Collected data entries
____
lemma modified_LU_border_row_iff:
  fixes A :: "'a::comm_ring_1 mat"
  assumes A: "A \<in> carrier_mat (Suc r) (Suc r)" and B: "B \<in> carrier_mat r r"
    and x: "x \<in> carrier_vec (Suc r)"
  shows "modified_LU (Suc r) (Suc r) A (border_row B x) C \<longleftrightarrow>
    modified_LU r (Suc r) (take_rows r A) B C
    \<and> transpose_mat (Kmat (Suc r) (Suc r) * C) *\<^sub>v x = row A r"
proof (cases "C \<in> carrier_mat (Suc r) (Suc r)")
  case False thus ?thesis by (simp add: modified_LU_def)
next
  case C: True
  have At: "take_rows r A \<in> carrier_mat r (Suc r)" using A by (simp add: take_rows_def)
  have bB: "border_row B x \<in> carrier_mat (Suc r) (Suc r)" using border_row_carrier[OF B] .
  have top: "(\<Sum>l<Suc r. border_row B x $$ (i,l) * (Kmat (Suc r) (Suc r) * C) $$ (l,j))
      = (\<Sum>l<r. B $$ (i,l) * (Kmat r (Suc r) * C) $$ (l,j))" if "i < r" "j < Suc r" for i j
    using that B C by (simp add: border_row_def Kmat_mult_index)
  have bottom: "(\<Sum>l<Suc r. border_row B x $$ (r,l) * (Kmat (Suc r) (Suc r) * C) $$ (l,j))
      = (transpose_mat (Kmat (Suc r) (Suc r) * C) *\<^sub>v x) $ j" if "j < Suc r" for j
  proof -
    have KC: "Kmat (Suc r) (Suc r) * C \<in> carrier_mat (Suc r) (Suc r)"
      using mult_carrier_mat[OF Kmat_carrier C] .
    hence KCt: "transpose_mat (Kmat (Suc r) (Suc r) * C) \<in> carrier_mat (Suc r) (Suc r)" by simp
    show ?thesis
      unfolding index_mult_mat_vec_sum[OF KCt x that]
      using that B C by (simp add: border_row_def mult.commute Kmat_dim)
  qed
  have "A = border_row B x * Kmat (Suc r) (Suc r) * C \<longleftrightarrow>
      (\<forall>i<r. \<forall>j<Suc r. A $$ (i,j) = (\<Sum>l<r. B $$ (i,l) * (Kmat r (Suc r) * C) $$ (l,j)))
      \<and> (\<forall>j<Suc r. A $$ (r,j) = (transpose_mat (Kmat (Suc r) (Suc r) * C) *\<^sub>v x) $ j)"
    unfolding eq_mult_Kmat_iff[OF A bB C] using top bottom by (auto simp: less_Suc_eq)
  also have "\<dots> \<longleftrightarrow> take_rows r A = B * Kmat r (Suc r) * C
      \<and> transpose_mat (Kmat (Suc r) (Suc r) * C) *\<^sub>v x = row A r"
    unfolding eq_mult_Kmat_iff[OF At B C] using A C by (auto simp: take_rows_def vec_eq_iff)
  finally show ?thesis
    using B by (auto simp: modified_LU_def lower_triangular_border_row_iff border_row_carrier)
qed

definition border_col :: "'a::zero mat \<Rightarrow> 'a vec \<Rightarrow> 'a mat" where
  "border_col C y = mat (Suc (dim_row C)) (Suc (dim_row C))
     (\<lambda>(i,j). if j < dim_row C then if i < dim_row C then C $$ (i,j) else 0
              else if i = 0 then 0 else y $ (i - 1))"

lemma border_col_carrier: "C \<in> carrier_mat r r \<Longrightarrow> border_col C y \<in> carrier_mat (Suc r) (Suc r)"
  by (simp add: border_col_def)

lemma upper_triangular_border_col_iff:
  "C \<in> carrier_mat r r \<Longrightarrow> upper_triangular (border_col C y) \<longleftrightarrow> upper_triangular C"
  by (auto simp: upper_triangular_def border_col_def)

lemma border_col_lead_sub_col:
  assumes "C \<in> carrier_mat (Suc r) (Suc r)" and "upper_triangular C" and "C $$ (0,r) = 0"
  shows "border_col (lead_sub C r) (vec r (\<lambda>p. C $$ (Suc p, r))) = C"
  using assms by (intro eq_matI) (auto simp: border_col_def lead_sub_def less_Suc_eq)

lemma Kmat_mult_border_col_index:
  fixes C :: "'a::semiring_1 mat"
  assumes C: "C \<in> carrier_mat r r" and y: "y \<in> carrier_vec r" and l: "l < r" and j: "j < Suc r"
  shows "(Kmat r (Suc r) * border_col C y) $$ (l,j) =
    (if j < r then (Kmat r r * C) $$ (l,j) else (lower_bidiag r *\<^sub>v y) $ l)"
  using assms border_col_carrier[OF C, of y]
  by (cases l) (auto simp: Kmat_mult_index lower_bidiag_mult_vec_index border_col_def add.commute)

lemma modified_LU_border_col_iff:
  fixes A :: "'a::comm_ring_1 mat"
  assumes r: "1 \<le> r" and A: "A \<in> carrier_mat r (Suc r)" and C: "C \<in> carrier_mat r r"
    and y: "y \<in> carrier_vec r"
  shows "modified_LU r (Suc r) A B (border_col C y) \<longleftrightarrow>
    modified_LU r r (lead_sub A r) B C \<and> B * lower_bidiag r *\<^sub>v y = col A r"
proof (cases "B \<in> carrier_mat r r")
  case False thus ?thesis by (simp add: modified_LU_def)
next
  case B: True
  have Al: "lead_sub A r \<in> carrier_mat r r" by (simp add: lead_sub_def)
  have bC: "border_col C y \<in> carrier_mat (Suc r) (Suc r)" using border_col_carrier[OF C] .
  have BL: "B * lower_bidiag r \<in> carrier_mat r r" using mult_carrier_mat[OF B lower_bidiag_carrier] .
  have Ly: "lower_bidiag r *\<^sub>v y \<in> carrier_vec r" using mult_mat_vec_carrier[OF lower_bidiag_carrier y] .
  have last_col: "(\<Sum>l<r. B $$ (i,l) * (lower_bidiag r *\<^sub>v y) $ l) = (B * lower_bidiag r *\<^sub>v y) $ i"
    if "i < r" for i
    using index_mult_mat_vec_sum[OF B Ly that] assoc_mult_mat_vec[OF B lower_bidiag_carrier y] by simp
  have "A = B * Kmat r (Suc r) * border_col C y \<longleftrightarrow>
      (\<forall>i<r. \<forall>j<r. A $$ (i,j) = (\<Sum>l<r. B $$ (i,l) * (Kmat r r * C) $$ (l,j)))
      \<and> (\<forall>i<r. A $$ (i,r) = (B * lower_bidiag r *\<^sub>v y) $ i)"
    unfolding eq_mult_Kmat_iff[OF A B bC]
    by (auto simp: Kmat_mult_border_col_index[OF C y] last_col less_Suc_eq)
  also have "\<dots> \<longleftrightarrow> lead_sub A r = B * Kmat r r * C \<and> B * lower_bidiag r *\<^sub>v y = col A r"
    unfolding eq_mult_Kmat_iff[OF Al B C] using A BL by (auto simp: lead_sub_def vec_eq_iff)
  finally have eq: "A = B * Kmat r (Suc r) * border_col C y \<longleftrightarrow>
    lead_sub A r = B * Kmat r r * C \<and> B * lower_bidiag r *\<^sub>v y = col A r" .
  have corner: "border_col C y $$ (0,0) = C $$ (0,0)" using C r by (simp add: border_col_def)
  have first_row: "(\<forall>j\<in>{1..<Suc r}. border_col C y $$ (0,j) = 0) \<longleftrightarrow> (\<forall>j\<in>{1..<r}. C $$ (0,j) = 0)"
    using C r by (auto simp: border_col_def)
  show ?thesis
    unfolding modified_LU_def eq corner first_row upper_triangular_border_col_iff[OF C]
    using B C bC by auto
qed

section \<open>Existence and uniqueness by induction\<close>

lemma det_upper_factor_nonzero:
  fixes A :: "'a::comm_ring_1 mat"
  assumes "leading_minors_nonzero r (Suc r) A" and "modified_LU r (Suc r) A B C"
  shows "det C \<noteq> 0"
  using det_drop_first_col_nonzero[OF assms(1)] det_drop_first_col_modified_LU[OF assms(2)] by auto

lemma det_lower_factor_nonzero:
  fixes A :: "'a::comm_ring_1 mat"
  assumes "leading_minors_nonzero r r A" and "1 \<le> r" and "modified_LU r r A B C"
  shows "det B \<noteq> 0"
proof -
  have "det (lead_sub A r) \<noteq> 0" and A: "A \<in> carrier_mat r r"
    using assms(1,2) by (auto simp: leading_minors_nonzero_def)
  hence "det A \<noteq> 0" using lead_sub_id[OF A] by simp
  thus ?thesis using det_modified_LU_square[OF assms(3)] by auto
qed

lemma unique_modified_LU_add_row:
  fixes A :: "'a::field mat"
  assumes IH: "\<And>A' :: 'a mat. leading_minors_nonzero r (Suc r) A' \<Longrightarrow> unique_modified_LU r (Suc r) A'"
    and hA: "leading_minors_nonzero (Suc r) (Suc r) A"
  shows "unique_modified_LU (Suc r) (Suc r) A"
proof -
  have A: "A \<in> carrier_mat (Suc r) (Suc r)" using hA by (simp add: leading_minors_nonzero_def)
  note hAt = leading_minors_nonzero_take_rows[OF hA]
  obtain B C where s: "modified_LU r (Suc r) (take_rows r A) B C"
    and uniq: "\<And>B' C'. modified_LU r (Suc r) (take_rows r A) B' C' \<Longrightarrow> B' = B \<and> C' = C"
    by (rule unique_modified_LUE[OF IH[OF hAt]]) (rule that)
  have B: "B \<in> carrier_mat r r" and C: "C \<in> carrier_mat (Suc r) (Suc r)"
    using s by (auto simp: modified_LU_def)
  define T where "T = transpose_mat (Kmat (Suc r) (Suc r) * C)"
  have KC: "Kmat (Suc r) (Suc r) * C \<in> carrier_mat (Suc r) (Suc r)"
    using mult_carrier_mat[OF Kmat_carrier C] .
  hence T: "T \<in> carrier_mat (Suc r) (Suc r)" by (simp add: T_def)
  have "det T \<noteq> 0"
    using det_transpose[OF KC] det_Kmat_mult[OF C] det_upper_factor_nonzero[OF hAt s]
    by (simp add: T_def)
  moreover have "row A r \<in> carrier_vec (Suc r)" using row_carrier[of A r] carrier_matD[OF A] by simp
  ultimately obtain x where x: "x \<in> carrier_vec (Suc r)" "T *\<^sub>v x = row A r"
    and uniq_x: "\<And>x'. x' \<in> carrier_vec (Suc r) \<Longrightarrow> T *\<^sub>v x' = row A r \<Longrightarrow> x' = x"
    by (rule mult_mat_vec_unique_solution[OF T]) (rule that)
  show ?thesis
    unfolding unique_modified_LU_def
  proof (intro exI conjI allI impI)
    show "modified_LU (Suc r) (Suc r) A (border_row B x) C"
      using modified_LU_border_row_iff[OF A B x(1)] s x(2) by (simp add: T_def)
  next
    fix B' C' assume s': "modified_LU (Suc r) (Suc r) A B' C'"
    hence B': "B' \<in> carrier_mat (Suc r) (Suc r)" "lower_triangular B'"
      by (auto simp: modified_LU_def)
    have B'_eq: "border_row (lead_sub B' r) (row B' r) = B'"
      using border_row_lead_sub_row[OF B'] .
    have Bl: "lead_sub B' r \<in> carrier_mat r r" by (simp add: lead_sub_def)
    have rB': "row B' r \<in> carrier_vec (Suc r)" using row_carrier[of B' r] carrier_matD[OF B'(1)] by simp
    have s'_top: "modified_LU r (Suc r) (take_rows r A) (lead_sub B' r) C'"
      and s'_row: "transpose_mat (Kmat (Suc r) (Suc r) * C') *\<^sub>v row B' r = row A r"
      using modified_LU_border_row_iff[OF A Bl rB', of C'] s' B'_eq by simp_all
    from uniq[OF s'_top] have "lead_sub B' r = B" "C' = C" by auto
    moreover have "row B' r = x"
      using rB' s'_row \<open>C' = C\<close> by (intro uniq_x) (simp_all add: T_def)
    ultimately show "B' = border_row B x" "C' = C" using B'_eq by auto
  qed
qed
____
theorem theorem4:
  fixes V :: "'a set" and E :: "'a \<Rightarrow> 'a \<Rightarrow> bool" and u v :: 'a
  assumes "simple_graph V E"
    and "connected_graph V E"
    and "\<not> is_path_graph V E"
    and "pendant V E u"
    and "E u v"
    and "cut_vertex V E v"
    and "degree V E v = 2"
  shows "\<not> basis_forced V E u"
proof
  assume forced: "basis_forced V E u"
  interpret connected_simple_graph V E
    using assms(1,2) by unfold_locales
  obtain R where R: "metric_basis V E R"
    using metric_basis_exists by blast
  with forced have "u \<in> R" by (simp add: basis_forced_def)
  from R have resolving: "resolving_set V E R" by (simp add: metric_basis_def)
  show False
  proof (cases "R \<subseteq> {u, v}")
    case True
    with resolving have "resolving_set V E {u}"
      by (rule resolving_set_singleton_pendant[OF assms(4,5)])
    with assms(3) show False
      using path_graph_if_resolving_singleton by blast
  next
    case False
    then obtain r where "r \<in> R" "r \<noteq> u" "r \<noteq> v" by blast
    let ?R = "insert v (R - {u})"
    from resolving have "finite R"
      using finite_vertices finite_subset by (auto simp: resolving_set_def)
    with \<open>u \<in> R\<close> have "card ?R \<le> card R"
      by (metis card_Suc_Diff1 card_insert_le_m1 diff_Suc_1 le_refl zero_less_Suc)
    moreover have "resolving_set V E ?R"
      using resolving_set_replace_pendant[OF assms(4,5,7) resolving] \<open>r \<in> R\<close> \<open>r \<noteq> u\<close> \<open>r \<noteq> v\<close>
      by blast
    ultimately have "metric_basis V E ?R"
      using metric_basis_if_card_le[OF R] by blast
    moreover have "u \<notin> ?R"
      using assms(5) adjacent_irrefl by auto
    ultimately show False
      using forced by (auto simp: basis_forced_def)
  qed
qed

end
____
## Assignment
Return word for word the lines above from the line with "(simp add: leading_minors_nonzero_def)" to the line with "C') *\<^sub>v row", including both and leaving out all others.

## Solution
  have A: "A \<in> carrier_mat (Suc r) (Suc r)" using hA by (simp add: leading_minors_nonzero_def)
  note hAt = leading_minors_nonzero_take_rows[OF hA]
  obtain B C where s: "modified_LU r (Suc r) (take_rows r A) B C"
    and uniq: "\<And>B' C'. modified_LU r (Suc r) (take_rows r A) B' C' \<Longrightarrow> B' = B \<and> C' = C"
    by (rule unique_modified_LUE[OF IH[OF hAt]]) (rule that)
  have B: "B \<in> carrier_mat r r" and C: "C \<in> carrier_mat (Suc r) (Suc r)"
    using s by (auto simp: modified_LU_def)
  define T where "T = transpose_mat (Kmat (Suc r) (Suc r) * C)"
  have KC: "Kmat (Suc r) (Suc r) * C \<in> carrier_mat (Suc r) (Suc r)"
    using mult_carrier_mat[OF Kmat_carrier C] .
  hence T: "T \<in> carrier_mat (Suc r) (Suc r)" by (simp add: T_def)
  have "det T \<noteq> 0"
    using det_transpose[OF KC] det_Kmat_mult[OF C] det_upper_factor_nonzero[OF hAt s]
    by (simp add: T_def)
  moreover have "row A r \<in> carrier_vec (Suc r)" using row_carrier[of A r] carrier_matD[OF A] by simp
  ultimately obtain x where x: "x \<in> carrier_vec (Suc r)" "T *\<^sub>v x = row A r"
    and uniq_x: "\<And>x'. x' \<in> carrier_vec (Suc r) \<Longrightarrow> T *\<^sub>v x' = row A r \<Longrightarrow> x' = x"
    by (rule mult_mat_vec_unique_solution[OF T]) (rule that)
  show ?thesis
    unfolding unique_modified_LU_def
  proof (intro exI conjI allI impI)
    show "modified_LU (Suc r) (Suc r) A (border_row B x) C"
      using modified_LU_border_row_iff[OF A B x(1)] s x(2) by (simp add: T_def)
  next
    fix B' C' assume s': "modified_LU (Suc r) (Suc r) A B' C'"
    hence B': "B' \<in> carrier_mat (Suc r) (Suc r)" "lower_triangular B'"
      by (auto simp: modified_LU_def)
    have B'_eq: "border_row (lead_sub B' r) (row B' r) = B'"
      using border_row_lead_sub_row[OF B'] .
    have Bl: "lead_sub B' r \<in> carrier_mat r r" by (simp add: lead_sub_def)
    have rB': "row B' r \<in> carrier_vec (Suc r)" using row_carrier[of B' r] carrier_matD[OF B'(1)] by simp
    have s'_top: "modified_LU r (Suc r) (take_rows r A) (lead_sub B' r) C'"
      and s'_row: "transpose_mat (Kmat (Suc r) (Suc r) * C') *\<^sub>v row B' r = row A r"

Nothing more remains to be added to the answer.